* _PROBLEM STATEMENT_:
The answer must be a single number: how many lines of the entries below include "shows".

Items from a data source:
text \<open>Every multi-index of order two is hit twice by the ordered pairs \<open>(a, b)\<close>, except the
  diagonal ones, which are compensated by \<open>mfact\<close>; Schwarz's theorem identifies the two
  mixed derivatives.\<close>
lemma sum_multi_indices_2:
  assumes "smooth_tx f"
  shows "(\<Sum>n\<in>multi_indices 2. mpow c n / mfact n * dx_multi n f t x) = dir_deriv c 2 f t x / 2"
proof -
  define T where "T l m = pd (Some m) (pd (Some l) f) t x" for l m
  define g where "g n = mpow c n / mfact n * dx_multi n f t x" for n
  have fibre: "(\<Sum>p\<in>{p \<in> UNIV. (\<lambda>(a, b). pair_index a b) p = n}. c$(fst p) * c$(snd p) * T (fst p) (snd p))
      = 2 * g n" if "n \<in> multi_indices 2" for n
  proof -
    from that obtain a b where n: "n = pair_index a b"
      unfolding multi_indices_2 by auto
    have "{p \<in> UNIV. (\<lambda>(a, b). pair_index a b) p = pair_index a b} = {(a, b), (b, a)}"
      by (auto simp: pair_index_eq_iff)
    moreover have "T a b = T b a"
      unfolding T_def using pd_commute[OF assms] by metis
    ultimately show ?thesis
      unfolding n g_def
      by (cases "a = b") (simp_all add: mpow_pair_index mfact_pair_index dx_multi_pair_index[OF assms] T_def)
  qed
  have "2 * (\<Sum>n\<in>multi_indices 2. g n) = (\<Sum>n\<in>multi_indices 2. 2 * g n)"
    by (simp add: sum_distrib_left)
  also have "\<dots> = (\<Sum>n\<in>multi_indices 2. \<Sum>p\<in>{p \<in> UNIV. (\<lambda>(a, b). pair_index a b) p = n}.
           c$(fst p) * c$(snd p) * T (fst p) (snd p))"
    by (rule sum.cong[OF refl fibre[symmetric]])
  also have "\<dots> = (\<Sum>p\<in>UNIV. c$(fst p) * c$(snd p) * T (fst p) (snd p))"
    by (rule sum.group) (auto simp: multi_indices_2)
  also have "\<dots> = (\<Sum>l\<in>UNIV. \<Sum>m\<in>UNIV. c$l * c$m * T l m)"
    unfolding UNIV_Times_UNIV[symmetric] sum.cartesian_product by (simp add: split_beta)
  also have "\<dots> = dir_deriv c 2 f t x"
    by (simp add: numeral_2_eq_2 T_def sum_distrib_left mult.assoc)
  finally show ?thesis
    by (simp add: g_def)
qed

section \<open>The modified equation\<close>

text \<open>No hypothesis \<open>h \<noteq> 0\<close> is needed: at \<open>h = 0\<close> both sides reduce to their
  derivative terms because \<open>x / 0 = 0\<close>, so the identity can be used to rewrite under the binder.\<close>
lemma scheme_residual_split:
  fixes \<phi> :: "real \<Rightarrow> real^'d::finite \<Rightarrow> real"
  assumes "smooth_tx \<phi>" and "\<mu> \<noteq> 0" and "s \<noteq> 0"
  shows "\<mu> / (s * h^2) * p2op s (h^2 / \<mu>) h W c (\<lambda>k. if even k then h * etil k else eps k) \<phi> t x
      - (pd None \<phi> t x
         + \<mu> * (\<Sum>j=1..W. etil (2*j) * (\<Sum>n\<in>multi_indices 1. mpow (c (2*j)) n * dx_multi n \<phi> t x))
         - 2 * \<mu> * (1/s - 1/2) * (\<Sum>j=1..W. eps (2*j+1) *
             (\<Sum>n\<in>multi_indices 2. mpow (c (2*j)) n / mfact n * dx_multi n \<phi> t x)))
    = ((\<phi> (t + 2 * (h^2 / \<mu>)) x + (s - 2) * \<phi> (t + h^2 / \<mu>) x + (1 - s) * \<phi> t x) / (s * (h^2 / \<mu>))
         - pd None \<phi> t x)
      + (\<Sum>j=1..W. \<mu> * etil (2*j) *
          ((\<phi> (t + h^2 / \<mu>) (x + h *\<^sub>R c (2*j)) - \<phi> (t + h^2 / \<mu>) (x - h *\<^sub>R c (2*j))) / (2 * h)
           - dir_deriv (c (2*j)) 1 \<phi> t x))
      + (\<Sum>j=1..W. \<mu> * (s - 2) / (2 * s) * eps (2*j+1) *
          ((\<phi> (t + h^2 / \<mu>) (x + h *\<^sub>R c (2*j)) + \<phi> (t + h^2 / \<mu>) (x - h *\<^sub>R c (2*j))
            - 2 * \<phi> (t + h^2 / \<mu>) x) / h^2 - dir_deriv (c (2*j)) 2 \<phi> t x))"
    (is "?lhs = ?T + ?A + ?S")
proof -
  define \<tau> where "\<tau> = t + h^2 / \<mu>"
  define P where "P j = \<phi> \<tau> (x + h *\<^sub>R c (2*j))" for j
  define M where "M j = \<phi> \<tau> (x - h *\<^sub>R c (2*j))" for j
  define \<kappa> where "\<kappa> = \<mu> / (s * h^2)"
  define X where "X = \<phi> (t + 2 * (h^2 / \<mu>)) x + (s - 2) * \<phi> \<tau> x + (1 - s) * \<phi> t x"
  have p2op: "p2op s (h^2 / \<mu>) h W c (\<lambda>k. if even k then h * etil k else eps k) \<phi> t x
      = X - s * (\<Sum>j=1..W. h * etil (2*j) * ((M j - P j) / 2))
        + (s - 2) * (\<Sum>j=1..W. eps (2*j+1) * ((M j + P j) / 2 - \<phi> \<tau> x))"
    unfolding p2op_def zsh_def Aop_def Sop_def xsh_def
    by (simp add: X_def P_def M_def \<tau>_def add.assoc)
  have "?lhs = (\<kappa> * X - pd None \<phi> t x)
      + (\<Sum>j=1..W. \<kappa> * (- s * (h * etil (2*j) * ((M j - P j) / 2)))
          - \<mu> * (etil (2*j) * dir_deriv (c (2*j)) 1 \<phi> t x))
      + (\<Sum>j=1..W. \<kappa> * (s - 2) * (eps (2*j+1) * ((M j + P j) / 2 - \<phi> \<tau> x))
          + 2 * \<mu> * (1/s - 1/2) * (eps (2*j+1) * (dir_deriv (c (2*j)) 2 \<phi> t x / 2)))"
    unfolding p2op \<kappa>_def[symmetric] sum_multi_indices_1 sum_multi_indices_2[OF assms(1)]
    by (simp add: sum.distrib sum_subtractf sum_distrib_left sum_divide_distrib diff_divide_distrib
        algebra_simps)
  also have "\<dots> = ?T + ?A + ?S"
    using assms(2,3) unfolding \<kappa>_def X_def P_def M_def \<tau>_def
    by (intro arg_cong2[where f = "(+)"] sum.cong) (cases "h = 0"; simp add: field_simps power2_eq_square)+
  finally show ?thesis .
qed

theorem proposition12:
  fixes W :: nat and s \<mu> :: real
    and c :: "nat \<Rightarrow> real^'d::finite"
    and etil eps :: "nat \<Rightarrow> real"
    and \<phi> :: "real \<Rightarrow> real^'d \<Rightarrow> real"
    and t :: real and x :: "real^'d"
  assumes "W \<ge> 1" and "0 < s" and "s \<le> 2" and "0 < \<mu>"
    and "c 1 = 0"
    and "\<forall>j\<in>{1..W}. c (2*j+1) = - c (2*j)"
    and "\<forall>j\<in>{1..W}. \<forall>l. c (2*j) $ l \<in> \<int>"
    and "eps 1 = 1"
    and "smooth_tx \<phi>"
    and "0 \<le> t"
  shows "(\<lambda>dx. \<mu> / (s * dx^2) *
             p2op s (dx^2 / \<mu>) dx W c (\<lambda>k. if even k then dx * etil k else eps k) \<phi> t x
           - (pd None \<phi> t x
              + \<mu> * (\<Sum>j=1..W. etil (2*j) *
                  (\<Sum>n\<in>multi_indices 1. mpow (c (2*j)) n * dx_multi n \<phi> t x))
              - 2 * \<mu> * (1/s - 1/2) * (\<Sum>j=1..W. eps (2*j+1) *
                  (\<Sum>n\<in>multi_indices 2. mpow (c (2*j)) n / mfact n * dx_multi n \<phi> t x))))
         \<in> O[at_right 0](\<lambda>dx. dx^2)"
proof -
  have "\<mu> \<noteq> 0" and "s \<noteq> 0"
    using \<open>0 < \<mu>\<close> \<open>0 < s\<close> by simp_all
  have "at_right (0::real) \<le> at 0"
    by (rule at_le) simp
  show ?thesis
    unfolding scheme_residual_split[OF \<open>smooth_tx \<phi>\<close> \<open>\<mu> \<noteq> 0\<close> \<open>s \<noteq> 0\<close>]
    by (rule landau_o.big.filter_mono[OF \<open>at_right 0 \<le> at 0\<close>],
        intro sum_in_bigo(1) big_sum_in_bigo cmult_in_bigo_iff[THEN iffD2] disjI2
          diffusive_time_step_bigo[OF \<open>smooth_tx \<phi>\<close> \<open>s \<noteq> 0\<close> \<open>\<mu> \<noteq> 0\<close>]
          centred_difference_bigo[OF \<open>smooth_tx \<phi>\<close>] second_difference_bigo[OF \<open>smooth_tx \<phi>\<close>])
qed

end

* _RESULT_:
3